Keeping Secrets: Anonymous Data Isn’t Always Anonymous
Data collection and analysis have enormous potential. Information collected from patients could be used to track the effects of health care reform and to improve any broken models. Genetic data combined with clinical outcomes data could help researchers link genetic variations to the risk of developing specific diseases or the outcomes of various different treatments.
These and other applications have researchers and statisticians excited, but they come at a substantial risk to privacy, since data can fall into the wrong hands. For example, one survey of doctor-patient data in the state of Washington suggested that information can find its way into a variety of hands, including insurance companies and even human resources departments. If patients could be identified, this information could influence hiring and firing decisions.
It is critical that sensitive information such as health care or legal data be stripped of all identifiers, so that individuals remain anonymous and the information cannot be used to discriminate against anyone. If such privacy cannot be maintained, individuals are unlikely to participate in data collection programs at all or restrictions could make such studies difficult.
In principle, stripping data identifiers seems pretty straightforward. Fields containing names, social security numbers, and similar tell-tale data can be easily removed from a database. In practice, however, it is often possible to reconstruct an individual’s identity by cross-referencing anonymized data to other databases that contain identifiers but no sensitive information.
The classic example of this problem occurred in 1997, when Latanya Sweeney, who was then a graduate student at MIT, found the medical records of Massachusetts Governor William Weld, who had collapsed during a public ceremony. She used Weld’s readily available zip code and birth date to scan the Massachusetts Group Insurance Commission (GIC) database for his records and confirmed the identity using voter-registration records from Cambridge, Massachusetts.
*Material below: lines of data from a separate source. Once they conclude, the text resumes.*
lemma (in group) minimax_interval_set_mult:
  assumes "subgroup B G" and "subgroup L G" and "subgroup U G" and "L \<subseteq> U"
    and "minimax_interval G L U"
  shows "minimax_interval G (B <#> L) (B <#> U)"
proof (rule minimax_interval_transfer[where e = "\<lambda>W. U \<inter> W" and r = "\<lambda>Y. B <#> Y"])
  fix W assume W: "subgroup W G" "B <#> L \<subseteq> W" "W \<subseteq> B <#> U"
  have "L \<subseteq> U \<inter> W"
    using subset_set_mult_one(2)[OF subgroup.subset[OF assms(2)] subgroup.one_closed[OF assms(1)]]
      W(2) assms(4) by blast
  moreover have "B <#> (U \<inter> W) = W"
  proof -
    have "B \<subseteq> W"
      using subset_set_mult_one(1)[OF subgroup.subset[OF assms(1)] subgroup.one_closed[OF assms(2)]]
        W(2) by blast
    then have "B <#> (U \<inter> W) = (B <#> U) \<inter> W"
      using set_mult_Int_subgroup[OF W(1) _ subgroup.subset[OF assms(3)]] by simp
    then show ?thesis
      using W(3) by blast
  qed
  ultimately show "subgroup (U \<inter> W) G \<and> L \<subseteq> U \<inter> W \<and> U \<inter> W \<subseteq> U \<and> B <#> (U \<inter> W) = W"
    using subgroup_Int[OF assms(3) W(1)] by blast
qed (auto intro: monoI simp: assms(5))

lemma (in comm_group) minimax_interval_Int:
  assumes "subgroup B G" and "subgroup L G" and "subgroup U G" and "L \<subseteq> U"
    and "minimax_interval G L U"
  shows "minimax_interval G (B \<inter> L) (B \<inter> U)"
proof (rule minimax_interval_transfer[where e = "\<lambda>W. W <#> L" and r = "\<lambda>Y. B \<inter> Y"])
  fix W assume W: "subgroup W G" "B \<inter> L \<subseteq> W" "W \<subseteq> B \<inter> U"
  have "L \<subseteq> W <#> L"
    using subset_set_mult_one(2)[OF subgroup.subset[OF assms(2)] subgroup.one_closed[OF W(1)]] .
  moreover have "W <#> L \<subseteq> U"
    using mono_set_mult[of W U L U G] W(3) assms(4) subgroup_mult_id[OF assms(3)] by blast
  moreover have "B \<inter> (W <#> L) = W"
  proof -
    have "B \<inter> (W <#> L) = W <#> (L \<inter> B)"
      using set_mult_Int_subgroup[OF assms(1) _ subgroup.subset[OF assms(2)]] W(3) by blast
    also have "\<dots> = W"
      using subgroup_set_mult_absorb(1)[OF W(1)] W(2) assms(1,2) by (simp add: Int_commute subgroup.one_closed)
    finally show ?thesis .
  qed
  ultimately show "subgroup (W <#> L) G \<and> L \<subseteq> W <#> L \<and> W <#> L \<subseteq> U \<and> B \<inter> (W <#> L) = W"
    using mult_subgroups[OF W(1) assms(2)] by blast
qed (simp_all add: assms(5) mono_def mono_set_mult)

lemma (in comm_group) minimax_Mod_endomorphism:
  assumes hom: "\<phi> \<in> hom G G" and surj: "\<phi> ` carrier G = carrier G"
    and B: "subgroup B G" and B': "subgroup B' G" and "\<phi> ` B \<subseteq> B'"
    and "minimax (G Mod B)"
  shows "minimax (G Mod B')"
proof -
  interpret \<phi>: group_hom G G \<phi>
    using hom by (simp add: group_hom_def group_hom_axioms_def is_group)
  let ?\<Phi> = "\<lambda>T. B' <#> \<phi> ` T"
  have "minimax_series G (?\<Phi> B) (?\<Phi> (carrier G))"
  proof (rule minimax_series_map[where \<Phi> = ?\<Phi>])
    show "minimax_series G B (carrier G)"
      using \<open>minimax (G Mod B)\<close> minimax_Mod_iff_minimax_series[OF B] by simp
    show "mono ?\<Phi>"
      by (simp add: mono_def image_mono mono_set_mult)
    show "subgroup (?\<Phi> T) G" if "subgroup T G" for T
      using mult_subgroups[OF B' \<phi>.subgroup_img_is_subgroup[OF that]] .
    show "minimax_interval G (?\<Phi> L) (?\<Phi> U)"
      if "subgroup L G" "subgroup U G" "L \<subseteq> U" "minimax_interval G L U" for L U
      using minimax_interval_set_mult[OF B' \<phi>.subgroup_img_is_subgroup[OF that(1)]
          \<phi>.subgroup_img_is_subgroup[OF that(2)] image_mono[OF that(3)]
          \<phi>.minimax_interval_image[OF that(2,3,4)]] .
  qed
  moreover have "?\<Phi> B = B'"
    using subgroup_set_mult_absorb(1)[OF B' \<open>\<phi> ` B \<subseteq> B'\<close>] subgroup.one_closed[OF B] by force
  moreover have "?\<Phi> (carrier G) = carrier G"
    using subgroup_set_mult_absorb(2)[OF subgroup_self subgroup.subset[OF B'] subgroup.one_closed[OF B']]
    by (simp add: surj)
  ultimately show ?thesis
    using minimax_Mod_iff_minimax_series[OF B'] by simp
qed

lemma (in comm_group) minimax_Mod_Int:
  assumes B\<^sub>1: "subgroup B\<^sub>1 G" and B\<^sub>2: "subgroup B\<^sub>2 G"
    and "minimax (G Mod B\<^sub>1)" and "minimax (G Mod B\<^sub>2)"
  shows "minimax (G Mod (B\<^sub>1 \<inter> B\<^sub>2))"
proof -
  have "minimax_series G (B\<^sub>1 \<inter> B\<^sub>2) (B\<^sub>1 \<inter> carrier G)"
  proof (rule minimax_series_map[where \<Phi> = "\<lambda>T. B\<^sub>1 \<inter> T"])
    show "minimax_series G B\<^sub>2 (carrier G)"
      using \<open>minimax (G Mod B\<^sub>2)\<close> minimax_Mod_iff_minimax_series[OF B\<^sub>2] by simp
  qed (auto intro: monoI subgroup_Int[OF B\<^sub>1] minimax_interval_Int[OF B\<^sub>1])
  then have "minimax_series G (B\<^sub>1 \<inter> B\<^sub>2) B\<^sub>1"
    using subgroup.subset[OF B\<^sub>1] by (simp add: Int_absorb2)
  moreover have "minimax_series G B\<^sub>1 (carrier G)"
    using \<open>minimax (G Mod B\<^sub>1)\<close> minimax_Mod_iff_minimax_series[OF B\<^sub>1] by simp
  ultimately show ?thesis
    using minimax_series_trans minimax_Mod_iff_minimax_series[OF subgroup_Int[OF B\<^sub>1 B\<^sub>2]] by blast
qed

lemma (in comm_group) minimax_Mod_mono:
  assumes "subgroup B G" and "subgroup B' G" and "B \<subseteq> B'" and "minimax (G Mod B)"
  shows "minimax (G Mod B')"
  using minimax_Mod_endomorphism[of id] assms by (simp add: hom_def)

section \<open>The minimax cocentralizer\<close>

lemma ZG_module_act_hom:
  assumes "ZG_module G A act" and "g \<in> carrier G"
  shows "act g \<in> hom A A"
  using assms unfolding ZG_module_def hom_def by auto

lemma ZG_module_act_inv:
  assumes "ZG_module G A act" and "g \<in> carrier G" and "a \<in> carrier A"
  shows "act (inv\<^bsub>G\<^esub> g) (act g a) = a"
proof -
  interpret G: group G
    using assms(1) unfolding ZG_module_def by blast
  have "act (inv\<^bsub>G\<^esub> g) (act g a) = act (inv\<^bsub>G\<^esub> g \<otimes>\<^bsub>G\<^esub> g) a"
    using assms G.inv_closed[OF assms(2)] unfolding ZG_module_def by metis
  then show ?thesis
    using assms unfolding ZG_module_def by simp
qed

lemma ZG_module_act_surj:
  assumes "ZG_module G A act" and "g \<in> carrier G"
  shows "act g ` carrier A = carrier A"
proof -
  interpret G: group G
    using assms(1) unfolding ZG_module_def by blast
  have "a = act g (act (inv\<^bsub>G\<^esub> g) a)" "act (inv\<^bsub>G\<^esub> g) a \<in> carrier A" if "a \<in> carrier A" for a
    using ZG_module_act_inv[OF assms(1) G.inv_closed[OF assms(2)] that] assms that
    unfolding ZG_module_def by auto
  then show ?thesis
    using assms unfolding ZG_module_def by blast
qed

lemma subgroup_centralizer_in_module:
  assumes "ZG_module G A act" and "H \<subseteq> carrier G"
  shows "subgroup (centralizer_in_module A act H) A"
proof -
  interpret A: comm_group A
    using assms(1) unfolding ZG_module_def by blast
  have hom: "group_hom A A (act h)" if "h \<in> H" for h
    using ZG_module_act_hom[OF assms(1)] assms(2) that A.is_group
    by (auto simp: group_hom_def group_hom_axioms_def)
  show ?thesis
    unfolding centralizer_in_module_def
    by (rule A.subgroupI)
      (auto simp: group_hom.hom_one[OF hom] group_hom.hom_inv[OF hom] group_hom.hom_mult[OF hom])
qed

lemma Coc_mmx_normal:
  assumes M: "ZG_module G A act"
  shows "Coc_mmx G A act \<lhd> G"
proof -
  interpret G: group G
    using M unfolding ZG_module_def by blast
  interpret A: comm_group A
    using M unfolding ZG_module_def by blast
  let ?C = "\<lambda>x. centralizer_in_module A act {x}"
  have C: "subgroup (?C x) A" if "x \<in> carrier G" for x
    using subgroup_centralizer_in_module[OF M] that by simp
  have Coc: "x \<in> Coc_mmx G A act \<longleftrightarrow> x \<in> carrier G \<and> minimax (A Mod ?C x)" for x
    unfolding Coc_mmx_def by simp
  have act_mult: "act (x \<otimes>\<^bsub>G\<^esub> y) a = act x (act y a)"
    if "x \<in> carrier G" "y \<in> carrier G" "a \<in> carrier A" for x y a
    using M that unfolding ZG_module_def by blast
  have act_closed: "act x a \<in> carrier A" if "x \<in> carrier G" "a \<in> carrier A" for x a
    using M that unfolding ZG_module_def by blast
  have "subgroup (Coc_mmx G A act) G"
  proof (rule G.subgroupI)
    show "Coc_mmx G A act \<subseteq> carrier G"
      unfolding Coc_mmx_def by blast
    have "?C \<one>\<^bsub>G\<^esub> = carrier A"
      using M unfolding centralizer_in_module_def ZG_module_def by auto
    moreover have "minimax_series A (carrier A) (carrier A)"
      unfolding minimax_series_def
      by (intro exI[of _ 0] exI[of _ "\<lambda>_. carrier A"]) (simp add: A.subgroup_self)
    ultimately have "\<one>\<^bsub>G\<^esub> \<in> Coc_mmx G A act"
      using Coc A.minimax_Mod_iff_minimax_series[OF A.subgroup_self] by simp
    then show "Coc_mmx G A act \<noteq> {}"
      by blast
  next
    fix x assume "x \<in> Coc_mmx G A act"
    then have x: "x \<in> carrier G" "minimax (A Mod ?C x)"
      using Coc by auto
    have "?C x \<subseteq> ?C (inv\<^bsub>G\<^esub> x)"
      using ZG_module_act_inv[OF M x(1)] unfolding centralizer_in_module_def by force
    then show "inv\<^bsub>G\<^esub> x \<in> Coc_mmx G A act"
      using A.minimax_Mod_mono[OF C[OF x(1)] C[OF G.inv_closed[OF x(1)]] _ x(2)] Coc x(1) by simp
  next
    fix x y assume "x \<in> Coc_mmx G A act" "y \<in> Coc_mmx G A act"
    then have x: "x \<in> carrier G" "minimax (A Mod ?C x)" and y: "y \<in> carrier G" "minimax (A Mod ?C y)"
      using Coc by auto
    have "?C x \<inter> ?C y \<subseteq> ?C (x \<otimes>\<^bsub>G\<^esub> y)"
      using act_mult x(1) y(1) unfolding centralizer_in_module_def by auto
    then show "x \<otimes>\<^bsub>G\<^esub> y \<in> Coc_mmx G A act"
      using A.minimax_Mod_mono[OF subgroup_Int[OF C[OF x(1)] C[OF y(1)]] C[OF G.m_closed[OF x(1) y(1)]] _
          A.minimax_Mod_Int[OF C[OF x(1)] C[OF y(1)] x(2) y(2)]] Coc x(1) y(1)
      by simp
  qed
  moreover have "h \<otimes>\<^bsub>G\<^esub> x \<otimes>\<^bsub>G\<^esub> inv\<^bsub>G\<^esub> h \<in> Coc_mmx G A act"
    if h: "h \<in> carrier G" and "x \<in> Coc_mmx G A act" for h x
  proof -
    have x: "x \<in> carrier G" "minimax (A Mod ?C x)"
      using Coc that(2) by auto
    let ?y = "h \<otimes>\<^bsub>G\<^esub> x \<otimes>\<^bsub>G\<^esub> inv\<^bsub>G\<^esub> h"
    have y: "?y \<in> carrier G"
      using h x(1) by simp
    have "act ?y (act h a) = act h a" if "a \<in> carrier A" "act x a = a" for a
      using that h x(1) act_mult act_closed ZG_module_act_inv[OF M h that(1)] by simp
    then have "act h ` ?C x \<subseteq> ?C ?y"
      using act_closed[OF h] unfolding centralizer_in_module_def by auto
    then show "?y \<in> Coc_mmx G A act"
      using A.minimax_Mod_endomorphism[OF ZG_module_act_hom[OF M h] ZG_module_act_surj[OF M h]
          C[OF x(1)] C[OF y] _ x(2)] Coc y by simp
  qed
  ultimately show ?thesis
    using G.normal_invI by blast
qed

section \<open>Groups cyclic over an absorbing normal subgroup\<close>

lemma prime_power_if_prime_divisors_eq:
  fixes n p :: nat
  assumes "n \<noteq> 0" and "\<And>q. Factorial_Ring.prime q \<Longrightarrow> q dvd n \<Longrightarrow> q = p"
  shows "n = p ^ multiplicity p n"
proof -
  have "prime_factors n \<subseteq> {p}"
    using assms(2) by (auto simp only: in_prime_factors_iff)
  then consider "prime_factors n = {p}" | "prime_factors n = {}"
    by blast
  then show ?thesis
  proof cases
    case 1
    then show ?thesis
      using prod_prime_factors[OF assms(1)] by simp
  next
    case 2
    then have "n = 1"
      using assms(1) by (simp add: prime_factorization_empty_iff)
    then show ?thesis
      by simp
  qed
qed

context group
begin

lemma finite_rcosets_mono:
  assumes H: "subgroup H G" and K: "subgroup K G" and "H \<subseteq> K" and "finite (rcosets H)"
  shows "finite (rcosets K)"
proof -
  have "K #> a = K <#> (H #> a)" if "a \<in> carrier G" for a
    using that subgroup_set_mult_absorb(1)[OF K \<open>H \<subseteq> K\<close> subgroup.one_closed[OF H]]
      setmult_rcos_assoc[OF subgroup.subset[OF K] subgroup.subset[OF H]] by simp
  then have "rcosets K = (\<lambda>S. K <#> S) ` (rcosets H)"
    unfolding RCOSETS_def by (auto simp: image_UN)
  then show ?thesis
    using \<open>finite (rcosets H)\<close> by simp
qed

lemma fin_gen_group_if_finite_index:
  assumes K: "fin_gen_subgroup G K" and "finite (rcosets K)"
  shows "fin_gen_group G"
proof -
  obtain S where S: "finite S" "S \<subseteq> K" "generate G S = K"
    using K unfolding fin_gen_subgroup_def by blast
  have Ksub: "subgroup K G"
    using K unfolding fin_gen_subgroup_def by blast
  have "rcosets K \<subseteq> (\<lambda>a. K #> a) ` carrier G"
    unfolding RCOSETS_def by blast
  from finite_subset_image[OF \<open>finite (rcosets K)\<close> this]
  obtain R where R: "R \<subseteq> carrier G" "finite R" "rcosets K = (\<lambda>a. K #> a) ` R"
    by blast
  have SR: "S \<union> R \<subseteq> carrier G"
    using S(2) R(1) subgroup.subset[OF Ksub] by blast
  have "carrier G \<subseteq> generate G (S \<union> R)"
  proof
    fix y assume y: "y \<in> carrier G"
    then have "K #> y \<in> (\<lambda>a. K #> a) ` R"
      using rcosetsI[OF subgroup.subset[OF Ksub]] R(3) by blast
    then obtain r where r: "r \<in> R" "K #> y = K #> r"
      by blast
    then have "y \<in> K #> r"
      using rcos_self[OF y Ksub] by simp
    then obtain k where k: "k \<in> K" "y = k \<otimes> r"
      unfolding r_coset_def by blast
    have "k \<in> generate G (S \<union> R)"
      using k(1) S(3) mono_generate[of S "S \<union> R"] by blast
    moreover have "r \<in> generate G (S \<union> R)"
      using r(1) by (blast intro: generate.incl)
    ultimately show "y \<in> generate G (S \<union> R)"
      unfolding k(2) by (rule generate.eng)
  qed
  then have "generate G (S \<union> R) = carrier G"
    using generate_incl[OF SR] by blast
  then show ?thesis
    unfolding fin_gen_group_def using S(1) R(2) SR by blast
qed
Some have cited this as an unusual example, given that it involved a high-profile public figure, which may not be generally repeatable. However, at the American Association for the Advancement of Science meeting in Chicago earlier this month, Sweeney, who is now a computer science professor at Harvard, submitted the results of another sting operation: This time, she purchased a $50 database from the state of Washington that included all hospitalization records for one year. The data included patient demographic information, diagnoses, the identity of the attending physicians, the hospital, and the method used to pay the bill. It had no patient names or addresses, but it included the zip code.
Sweeney then conducted a search of all news stories in the state that contained the word ‘hospitalized’ during the same period. With a little sleuthing, they found they could exactly match the information from an article to the database in 43 percent of the cases (they hired a reporter to confirm the identifications), essentially allowing them to place a name on an anomymized health record.
The results alarm some, but others at the session maintained that the identification required significant effort. It was generally agreed that it will never be possible to completely anonymize data, but much depends on the difficulty involved and the potential payoff. “In the real world, the payoffs can be made low enough that people don’t pursue re-identification,” suggested Daniel Barth-Jones, an infectious disease epidemiologist at Columbia University who utilizes anonymized data in his own research.
That is no doubt a reasonable goal, but research like Sweeney’s suggests that more refinement of current data practices and regulations may need to be made before there is a general comfort with anonymized data. If the general population is not comfortable with data gathering, then restrictions on use could hamstring the impact of big data.